Monday, January 19, 2009

"A Pedagogy of Multiliteracies" By The New London Group

Based on my understanding, the New London Group (NLG) places emphasis on the links between ‘multiliteracies’, a new approach to literacy, and the changing social setting facing both teachers and students. According to them, the contemporary world calls for a much wider view of literacy due to the increasing linguistic and cultural diversity and multiplicity of communications channels. Therefore, instead of the traditional language-based approaches, multiliteracies is adopted to highlight how negotiating the multiple linguistic and cultural differences in our society is essential to the pragmatics of the working, public and personal lives of students. Through this approach, students will be able to achieve two key facets of multiplicity: creating access to the changing language of work, power, and community, and promoting the vital engagement needed in designing their social futures and achieving success through fulfilling employment.

In addition, the NLG proposed the concept of ‘Design’ as a metalanguage of multiliteracies in addressing the question of the ‘what’ of literacy pedagogy.

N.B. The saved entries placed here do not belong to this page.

lemma sum_nth_rad_idx_eq:
  "(\<Sum>t<length (rad_idx c j). if rad_idx c j ! t = i then g t else 0) =
     (if i < j \<and> j < proj_end c i then g (rad_pos c j i) else 0)"
proof (cases "i < j \<and> j < proj_end c i")
  case True
  then have "rad_idx c j ! t = i \<longleftrightarrow> t = rad_pos c j i" if "t < length (rad_idx c j)" for t
    using nth_rad_pos[of i j c] rad_pos_nth[OF that] by auto
  then have "(\<Sum>t<length (rad_idx c j). if rad_idx c j ! t = i then g t else 0) =
        (\<Sum>t<length (rad_idx c j). if t = rad_pos c j i then g t else 0)"
    by (intro sum.cong) auto
  then show ?thesis using True nth_rad_pos[of i j c] by (simp add: sum.delta)
next
  case False
  then have "(\<Sum>t<length (rad_idx c j). if rad_idx c j ! t = i then g t else 0) = 0"
    using nth_rad_idx[of _ c j] by (intro sum.neutral) auto
  with False show ?thesis by (simp only: if_False)
qed

lemma less_rad_dim_iff: "s < rad_dim c j \<longleftrightarrow> j < length c \<and> s < length (rad_idx c j)"
  by (simp add: rad_dim_def)

lemma mcomp_rad_map_left:
  assumes "Suc j < length c" "r < rad_dim c (Suc j)"
  shows "mcomp (rad_map c j :: nat \<Rightarrow> nat \<Rightarrow> 'k::field) X (rad_dim c j) r s =
    (if rad_idx c (Suc j) ! r < j then X (rad_pos c j (rad_idx c (Suc j) ! r)) s else 0)"
proof -
  let ?i = "rad_idx c (Suc j) ! r"
  have r: "r < length (rad_idx c (Suc j))" using assms less_rad_dim_iff by auto
  have "mcomp (rad_map c j :: nat \<Rightarrow> nat \<Rightarrow> 'k) X (rad_dim c j) r s =
      (\<Sum>t<length (rad_idx c j). if rad_idx c j ! t = ?i then X t s else 0)"
    unfolding mcomp_def using assms
    by (simp add: rad_dim_def rad_map_def eq_commute[of ?i] cong: if_cong) (rule sum.cong; simp)
  also have "\<dots> = (if ?i < j \<and> j < proj_end c ?i then X (rad_pos c j ?i) s else 0)"
    by (rule sum_nth_rad_idx_eq)
  finally show ?thesis using nth_rad_idx[OF r] by auto
qed

lemma mcomp_rad_map_right:
  assumes "Suc j < length c" "s < rad_dim c j"
  shows "mcomp X (rad_map c j :: nat \<Rightarrow> nat \<Rightarrow> 'k::field) (rad_dim c (Suc j)) r s =
    (if Suc j < proj_end c (rad_idx c j ! s) then X r (rad_pos c (Suc j) (rad_idx c j ! s)) else 0)"
proof -
  let ?i = "rad_idx c j ! s"
  have s: "s < length (rad_idx c j)" using assms less_rad_dim_iff by auto
  have "mcomp X (rad_map c j :: nat \<Rightarrow> nat \<Rightarrow> 'k) (rad_dim c (Suc j)) r s =
      (\<Sum>t<length (rad_idx c (Suc j)). if rad_idx c (Suc j) ! t = ?i then X r t else 0)"
    unfolding mcomp_def using assms
    by (simp add: rad_dim_def rad_map_def cong: if_cong) (rule sum.cong; simp)
  also have "\<dots> = (if ?i < Suc j \<and> Suc j < proj_end c ?i then X r (rad_pos c (Suc j) ?i) else 0)"
    by (rule sum_nth_rad_idx_eq)
  finally show ?thesis using nth_rad_idx[OF s] by auto
qed

abbreviation rad_path :: "nat list \<Rightarrow> nat \<Rightarrow> nat \<Rightarrow> nat \<Rightarrow> nat \<Rightarrow> 'k::field" where
  "rad_path c \<equiv> path_map (rad_dim c) (rad_map c)"

abbreviation rad_ext_corner :: "nat list \<Rightarrow> 'k::field cochain \<Rightarrow> nat \<Rightarrow> nat \<Rightarrow> nat \<Rightarrow> nat \<Rightarrow> 'k" where
  "rad_ext_corner c \<equiv> ext_path_corner (rad_dim c) (rad_map c) (rad_dim c) (rad_map c)"

text \<open>The coefficient of f_t : J e_t \<rightarrow> J e_(t+1) between the basis paths starting at i and at i'.\<close>

definition chain_entry :: "nat list \<Rightarrow> 'k::field cochain \<Rightarrow> nat \<Rightarrow> nat \<Rightarrow> nat \<Rightarrow> 'k" where
  "chain_entry c f t i' i = f t (rad_pos c (Suc t) i') (rad_pos c t i)"

lemma rad_path_eq:
  assumes "k + l < length c" "r < rad_dim c (k + l)" "s < rad_dim c k"
  shows "(rad_path c k l r s :: 'k::field) = (if rad_idx c (k + l) ! r = rad_idx c k ! s then 1 else 0)"
  using assms
proof (induction l arbitrary: r)
  case 0
  then show ?case using nth_eq_iff_index_eq[OF distinct_rad_idx] by (simp add: less_rad_dim_iff)
next
  case (Suc l)
  let ?i' = "rad_idx c (Suc (k + l)) ! r"
  have r: "r < length (rad_idx c (Suc (k + l)))" using Suc.prems less_rad_dim_iff by auto
  have s: "rad_idx c k ! s < k" using Suc.prems nth_rad_idx less_rad_dim_iff by auto
  have "(rad_path c k (Suc l) r s :: 'k)
      = mcomp (rad_map c (k + l)) (rad_path c k l) (rad_dim c (k + l)) r s"
    by simp
  also have "\<dots> = (if ?i' < k + l then rad_path c k l (rad_pos c (k + l) ?i') s else 0)"
    using Suc.prems by (simp add: mcomp_rad_map_left)
  also have "\<dots> = (if ?i' = rad_idx c k ! s then 1 else 0)"
  proof (cases "?i' < k + l")
    case True
    then have "rad_pos c (k + l) ?i' < rad_dim c (k + l)" "rad_idx c (k + l) ! rad_pos c (k + l) ?i' = ?i'"
      using nth_rad_pos[of ?i' "k + l" c] nth_rad_idx[OF r] Suc.prems by (auto simp: less_rad_dim_iff)
    then show ?thesis using Suc.IH Suc.prems True by simp
  qed (use s in auto)
  finally show ?case by simp
qed

lemma mcomp_rad_path_right:
  assumes "k + l < length c" "s < rad_dim c k"
  shows "mcomp X (rad_path c k l :: nat \<Rightarrow> nat \<Rightarrow> 'k::field) (rad_dim c (k + l)) r s =
    (if k + l < proj_end c (rad_idx c k ! s) then X r (rad_pos c (k + l) (rad_idx c k ! s)) else 0)"
proof -
  let ?i = "rad_idx c k ! s"
  have "mcomp X (rad_path c k l :: nat \<Rightarrow> nat \<Rightarrow> 'k) (rad_dim c (k + l)) r s
      = (\<Sum>t<length (rad_idx c (k + l)). if rad_idx c (k + l) ! t = ?i then X r t else 0)"
    unfolding mcomp_def using assms
    by (intro sum.cong) (auto simp: rad_path_eq less_rad_dim_iff rad_dim_def)
  also have "\<dots> = (if ?i < k + l \<and> k + l < proj_end c ?i then X r (rad_pos c (k + l) ?i) else 0)"
    by (rule sum_nth_rad_idx_eq)
  finally show ?thesis
    using assms nth_rad_idx[of s c k] by (auto simp: less_rad_dim_iff)
qed

lemma rad_ext_corner_Suc:
  fixes f :: "'k::field cochain"
  assumes "Suc (k + l) < length c" "i' < Suc (k + l)" "Suc (k + l) < proj_end c i'"
    and "i < k" "k < proj_end c i"
  shows "rad_ext_corner c f k (Suc l) (rad_pos c (Suc (k + l)) i') (rad_pos c k i) =
      (if i' < k + l then rad_ext_corner c f k l (rad_pos c (k + l) i') (rad_pos c k i) else 0)
    + (if k + l < proj_end c i then chain_entry c f (k + l) i' i else 0)"
proof -
  have r: "rad_pos c (Suc (k + l)) i' < rad_dim c (Suc (k + l))"
    and r': "rad_idx c (Suc (k + l)) ! rad_pos c (Suc (k + l)) i' = i'"
    using nth_rad_pos[of i' "Suc (k + l)" c] assms by (auto simp: less_rad_dim_iff)
  have s: "rad_pos c k i < rad_dim c k" and s': "rad_idx c k ! rad_pos c k i = i"
    using nth_rad_pos[of i k c] assms by (auto simp: less_rad_dim_iff)
  have "rad_ext_corner c f k (Suc l) (rad_pos c (Suc (k + l)) i') (rad_pos c k i) =
      mcomp (rad_map c (k + l)) (rad_ext_corner c f k l) (rad_dim c (k + l))
        (rad_pos c (Suc (k + l)) i') (rad_pos c k i)
    + mcomp (f (k + l)) (rad_path c k l) (rad_dim c (k + l))
        (rad_pos c (Suc (k + l)) i') (rad_pos c k i)"
    by simp
  also have "\<dots> =
      (if i' < k + l then rad_ext_corner c f k l (rad_pos c (k + l) i') (rad_pos c k i) else 0)
    + (if k + l < proj_end c i then chain_entry c f (k + l) i' i else 0)"
    using assms unfolding mcomp_rad_map_left[OF assms(1) r] r'
    by (simp add: mcomp_rad_path_right[OF _ s] s' chain_entry_def)
  finally show ?thesis .
qed

lemma rad_ext_corner_eq:
  fixes f :: "'k::field cochain"
  assumes "k + l < length c" "i' < k + l" "k + l < proj_end c i'" "i < k" "k < proj_end c i"
  shows "rad_ext_corner c f k l (rad_pos c (k + l) i') (rad_pos c k i) =
    (\<Sum>t | k \<le> t \<and> t < k + l \<and> i' \<le> t \<and> t < proj_end c i. chain_entry c f t i' i)"
  using assms
proof (induction l arbitrary: i')
  case (Suc l)
  let ?S = "\<lambda>l. {t. k \<le> t \<and> t < k + l \<and> i' \<le> t \<and> t < proj_end c i}"
  let ?sum = "\<lambda>l. \<Sum>t\<in>?S l. chain_entry c f t i' i"
  have "finite (?S l)" by (rule finite_subset[of _ "{..<k + l}"]) auto
  moreover have "?S (Suc l) = (if k + l < proj_end c i then insert (k + l) (?S l) else ?S l)"
    using Suc.prems by auto
  ultimately have sum_Suc: "?sum (Suc l) = ?sum l + (if k + l < proj_end c i then chain_entry c f (k + l) i' i else 0)"
    by (simp add: add.commute)
  show ?case
  proof (cases "i' < k + l")
    case True
    then show ?thesis using rad_ext_corner_Suc[of k l c i' i f] Suc sum_Suc by simp
  next
    case False
    then have "?S l = {}" by auto
    then have "?sum l = 0" by (simp only: sum.empty)
    then show ?thesis using rad_ext_corner_Suc[of k l c i' i f] Suc.prems sum_Suc False by simp
  qed
qed (auto intro: sum.neutral)

definition chain_sum :: "nat list \<Rightarrow> 'k::field cochain \<Rightarrow> nat \<Rightarrow> nat \<Rightarrow> 'k" where
  "chain_sum c f i' i = (\<Sum>t\<in>{i'..<proj_end c i}. chain_entry c f t i' i)"

definition chain_sums_vanish :: "nat list \<Rightarrow> 'k::field cochain \<Rightarrow> bool" where
  "chain_sums_vanish c f \<longleftrightarrow> (\<forall>k i i'. proj_end c k < length c \<and> i < k \<and> k < proj_end c i \<and>
     i' < proj_end c k \<and> proj_end c k < proj_end c i' \<longrightarrow> chain_sum c f i' i = 0)"

locale kupisch_series =
  fixes c :: "nat list" and n :: nat
  assumes kupisch: "kupisch c" and length_eq: "length c = Suc n"
begin

lemma kupisch_ge2: "i < n \<Longrightarrow> 2 \<le> c ! i"
  using kupisch length_eq by (auto simp: kupisch_def)

lemma kupisch_step: "i < n \<Longrightarrow> c ! i \<le> c ! Suc i + 1"
  using kupisch length_eq by (auto simp: kupisch_def)

lemma kupisch_last: "c ! n = 1"
  using kupisch length_eq by (auto simp: kupisch_def)

lemma proj_end_mono: "i \<le> j \<Longrightarrow> j \<le> n \<Longrightarrow> proj_end c i \<le> proj_end c j"
proof (induction j)
  case (Suc j)
  then show ?case
    using kupisch_step[of j] by (cases "i = Suc j") (auto simp: proj_end_def)
qed simp

lemma proj_end_last: "proj_end c n = Suc n"
  using kupisch_last by (simp add: proj_end_def)

lemma proj_end_le: "i \<le> n \<Longrightarrow> proj_end c i \<le> Suc n"
  using proj_end_mono[of i n] proj_end_last by simp

lemma Suc_less_proj_end: "i < n \<Longrightarrow> Suc i < proj_end c i"
  using kupisch_ge2 by (fastforce simp: proj_end_def)

lemma relation_window:
  assumes "k \<le> n" "i < k" "k < proj_end c i" "i' < proj_end c k" "proj_end c k < proj_end c i'"
  shows "k \<le> i'" "proj_end c i \<le> proj_end c k"
  using proj_end_mono[of i k] proj_end_mono[of i' k] assms by (force, simp)

lemma rad_path_relation:
  assumes "proj_end c k < length c" "r < rad_dim c (proj_end c k)" "s < rad_dim c k"
  shows "(rad_path c k (c ! k) r s :: 'k::field) = 0"
proof -
  have r: "r < length (rad_idx c (proj_end c k))" and s: "s < length (rad_idx c k)"
    using assms less_rad_dim_iff by auto
  have "proj_end c (rad_idx c k ! s) \<le> proj_end c k"
    using nth_rad_idx[OF s] assms length_eq le_proj_end[of k c] by (intro proj_end_mono) auto
  moreover have "proj_end c k < proj_end c (rad_idx c (proj_end c k) ! r)"
    using nth_rad_idx[OF r] by simp
  ultimately have "rad_idx c (proj_end c k) ! r \<noteq> rad_idx c k ! s" by auto
  then show ?thesis
    using rad_path_eq[of k "c ! k" c r s] assms by (simp add: proj_end_def)
qed

lemma rad_ext_corner_relation:
  fixes f :: "'k::field cochain"
  assumes "proj_end c k < length c" "i < k" "k < proj_end c i"
    and "i' < proj_end c k" "proj_end c k < proj_end c i'"
  shows "rad_ext_corner c f k (c ! k) (rad_pos c (proj_end c k) i') (rad_pos c k i) = chain_sum c f i' i"
proof -
  have "k \<le> i'" "proj_end c i \<le> proj_end c k"
    using relation_window[of k i i'] assms length_eq le_proj_end[of k c] by auto
  then have "{t. k \<le> t \<and> t < k + c ! k \<and> i' \<le> t \<and> t < proj_end c i} = {i'..<proj_end c i}"
    by (auto simp: proj_end_def)
  then show ?thesis
    using rad_ext_corner_eq[of k "c ! k" c i' i f] assms
    by (simp add: proj_end_def chain_sum_def)
qed

lemma ext_relation_iff_corner:
  fixes f :: "'k::field cochain"
  assumes k: "proj_end c k < length c"
  shows "(\<forall>r s. r < ext_dim (rad_dim c) (rad_dim c) (proj_end c k) \<and> s < ext_dim (rad_dim c) (rad_dim c) k \<longrightarrow>
            path_map (ext_dim (rad_dim c) (rad_dim c))
              (ext_map (rad_dim c) (rad_map c) (rad_dim c) (rad_map c) f) k (c ! k) r s = 0)
     \<longleftrightarrow> (\<forall>r s. r < rad_dim c (proj_end c k) \<and> s < rad_dim c k \<longrightarrow> rad_ext_corner c f k (c ! k) r s = 0)"
    (is "(\<forall>r s. ?in r s \<longrightarrow> ?P r s = 0) \<longleftrightarrow> _")
proof (intro iffI allI impI)
  fix r s
  assume "\<forall>r s. ?in r s \<longrightarrow> ?P r s = 0" and rs: "r < rad_dim c (proj_end c k) \<and> s < rad_dim c k"
  then have "?P r (rad_dim c k + s) = 0"
    by (simp add: ext_dim_def)
  moreover have "?P r (rad_dim c k + s) = rad_ext_corner c f k (c ! k) r s"
    using path_map_ext_map[of r "rad_dim c" "rad_dim c" k "c ! k" "rad_dim c k + s" "rad_map c" "rad_map c" f] rs
    by (simp add: ext_dim_def proj_end_def)
  ultimately show "rad_ext_corner c f k (c ! k) r s = 0" by simp
next
  fix r s
  assume H: "\<forall>r s. r < rad_dim c (proj_end c k) \<and> s < rad_dim c k \<longrightarrow> rad_ext_corner c f k (c ! k) r s = 0"
    and rs: "?in r s"
  have "?P r s = (if r < rad_dim c (proj_end c k)
     then if s < rad_dim c k then rad_path c k (c ! k) r s else rad_ext_corner c f k (c ! k) r (s - rad_dim c k)
     else if s < rad_dim c k then 0 else rad_path c k (c ! k) (r - rad_dim c (proj_end c k)) (s - rad_dim c k))"
    using path_map_ext_map[of r "rad_dim c" "rad_dim c" k "c ! k" s "rad_map c" "rad_map c" f] rs
    by (simp add: proj_end_def)
  then show "?P r s = 0"
    using H rs rad_path_relation[OF k] by (auto simp: ext_dim_def)
qed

In other words, the ‘what’ of literacy pedagogy simply refers to what students are required to learn. The term, ‘Design’ is also used to describe the forms of meaning. Subsequently, they went on to put forward the notion of treating any semiotic activity as a matter of Design, which comprises of three components, namely, Available Designs, Designing, and The Redesigned.

Available Designs are simply resources for meanings that include the ‘grammar of various semiotic systems’ and ‘orders of discourse’. The latter is a structure set of conventions associated with semiotic activity in a given social space. There are certain Design conventions within orders of discourse that take the form of discourses, styles, genres, dialects and voices. For instance, students in class may encounter text as a type of Available Designs.

Designing is a process that involves the transformation of Available Designs into The Redesigned, which is the product of Designing. Drawing upon their past experiences and understanding of the world, students make new meaning to the text they have received in the form of Available Design into a new meaning-making resource or a new Available Design, unique to the meaning-makers themselves. Therefore, Available Designs can never be simply reproduced or repeated. Some examples of Designing are speaking, listening, reading and writing.

Having walked the path of a student before, I’m aware of the fact that project work is gaining its importance as a form of assessment in the local education scene. Students often rely heavily on the internet as their main source of information. Therefore, I feel that it is crucial to teach and equip students with skills that allow them to evaluate websites critically. Hands-on experience in creating a webpage can also be incorporated as group project. For example, students are required to publish their webpage, containing research on real world problems such as global warming on free internet sites for public viewing and feedback. Through these activities, students will not only learn how to apply multiliteracy skills, besides technological skills, but also how to construct knowledge instead of treating it as mere information.